Street Calls of the Week
Arteris, Inc. (NASDAQ:AIP) President and CEO Charles Janac sold 1,246 shares of common stock on September 2, 2025, at a price of $8.9417, for a total transaction value of $11,141. The transaction comes amid a challenging week for the stock, which has declined nearly 9% according to InvestingPro data, with shares currently trading at $8.84.
Following the transaction, Janac directly owns 188,539 shares of Arteris , Inc. The filing indicates that the shares were sold to cover the executive’s tax obligations related to the release of restricted stock units. Despite recent challenges, InvestingPro data shows the company maintains impressive gross margins of 90% and analysts have set price targets ranging from $11 to $16.
Janac also indirectly owns 9,839,071 shares through Bayview Legacy, LLC, where he serves as manager, and 56,252 shares through the Charles and Lydia Janac Trust, where he is a trustee. For deeper insights into Arteris’s financial health and comprehensive analysis, access the full Pro Research Report available on InvestingPro.

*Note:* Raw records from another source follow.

lemma adj_mono: "B \<subseteq> A \<Longrightarrow> adj B \<sigma> \<omega> \<subseteq> adj A \<sigma> \<omega>"
  unfolding adj_def by auto

lemma cluster_subset:
  assumes "x \<in> B" shows "cluster B \<sigma> \<omega> x \<subseteq> B"
proof
  fix y assume "y \<in> cluster B \<sigma> \<omega> x"
  then have "(x,y) \<in> (adj B \<sigma> \<omega>)\<^sup>*" unfolding cluster_def by simp
  then show "y \<in> B" using assms by induction (auto simp: adj_def)
qed

lemma cluster_open:
  assumes "\<sigma> x" "y \<in> cluster B \<sigma> \<omega> x" shows "\<sigma> y"
proof -
  have "(x,y) \<in> (adj B \<sigma> \<omega>)\<^sup>*" using assms(2) unfolding cluster_def by simp
  then show ?thesis using assms(1) by induction (auto simp: adj_def)
qed

lemma cluster_connected:
  assumes "B \<subseteq> A" "y \<in> cluster B \<sigma> \<omega> x" "z \<in> cluster B \<sigma> \<omega> x"
  shows "(y,z) \<in> (adj A \<sigma> \<omega>)\<^sup>*"
proof -
  have "(x,y) \<in> (adj A \<sigma> \<omega>)\<^sup>*" "(x,z) \<in> (adj A \<sigma> \<omega>)\<^sup>*"
    using assms rtrancl_mono[OF adj_mono[OF assms(1)]] unfolding cluster_def by auto
  then show ?thesis using symD[OF sym_rtrancl[OF sym_adj]] by (meson rtrancl_trans)
qed

lemma card_cluster_le_kmax_size:
  "finite B \<Longrightarrow> x \<in> B \<Longrightarrow> \<sigma> x \<Longrightarrow> card (cluster B \<sigma> \<omega> x) \<le> kmax_size B \<sigma> \<omega>"
  unfolding kmax_size_def by (intro Max_ge) auto

lemma kmax_size_attained:
  assumes "finite B" "0 < kmax_size B \<sigma> \<omega>"
  obtains x where "x \<in> B" "\<sigma> x" "card (cluster B \<sigma> \<omega> x) = kmax_size B \<sigma> \<omega>"
proof -
  let ?S = "{card (cluster B \<sigma> \<omega> x) | x. x \<in> B \<and> \<sigma> x}"
  have "kmax_size B \<sigma> \<omega> \<in> insert 0 ?S" unfolding kmax_size_def using assms(1) by (intro Max_in) auto
  then show ?thesis using assms(2) that by auto
qed

section \<open>Blocks of the hierarchical lattice\<close>

definition box :: "nat \<Rightarrow> nat set \<Rightarrow> (nat \<Rightarrow> nat) \<Rightarrow> (nat \<Rightarrow> nat) set" where
  "box L S v = {x. (\<forall>i\<in>S. x i < L) \<and> (\<forall>i. i \<notin> S \<longrightarrow> x i = v i)}"

lemma bij_betw_restrict_box: "bij_betw (\<lambda>x. restrict x S) (box L S v) (PiE S (\<lambda>_. {..<L}))"
proof (rule bij_betwI[where g = "\<lambda>f i. if i \<in> S then f i else v i"])
  show "(\<lambda>x. restrict x S) \<in> box L S v \<rightarrow> PiE S (\<lambda>_. {..<L})" unfolding box_def by auto
  show "(\<lambda>f i. if i \<in> S then f i else v i) \<in> PiE S (\<lambda>_. {..<L}) \<rightarrow> box L S v" unfolding box_def by auto
  show "(\<lambda>i. if i \<in> S then restrict x S i else v i) = x" if "x \<in> box L S v" for x
    using that unfolding box_def by (auto simp: fun_eq_iff)
  show "restrict (\<lambda>i. if i \<in> S then y i else v i) S = y" if "y \<in> PiE S (\<lambda>_. {..<L})" for y
    using that by (auto simp: fun_eq_iff PiE_def extensional_def)
qed

lemma card_box: "finite S \<Longrightarrow> card (box L S v) = L ^ card S"
  using bij_betw_same_card[OF bij_betw_restrict_box] by (simp add: card_PiE)

lemma finite_box: "finite S \<Longrightarrow> finite (box L S v)"
  by (rule bij_betw_finite[OF bij_betw_restrict_box, THEN iffD2]) (simp add: finite_PiE)

lemma box_mono:
  assumes "S \<subseteq> T" "\<And>i. i \<in> T \<Longrightarrow> v i < L"
  shows "box L S v \<subseteq> box L T v"
proof
  fix x assume x: "x \<in> box L S v"
  then have "x i < L" if "i \<in> T" for i using assms that unfolding box_def by (cases "i \<in> S") auto
  then show "x \<in> box L T v" using x assms(1) unfolding box_def by auto
qed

In other recent news, Arteris, Inc. reported its second-quarter 2025 earnings with revenue figures that surpassed expectations. The company achieved a revenue of $16.5 million, exceeding the projected $16.35 million. However, the earnings per share (EPS) was slightly below estimates, at -$0.11 compared to the expected -$0.10. In addition to its earnings report, Arteris announced its membership in the Ultra Accelerator Link Consortium. This consortium, which was formed in May 2024, includes major technology companies like AMD, AWS, Google, Intel, Meta, and Microsoft. It aims to develop technical specifications for AI accelerator operations. These developments reflect Arteris’s ongoing strategic initiatives in the tech industry.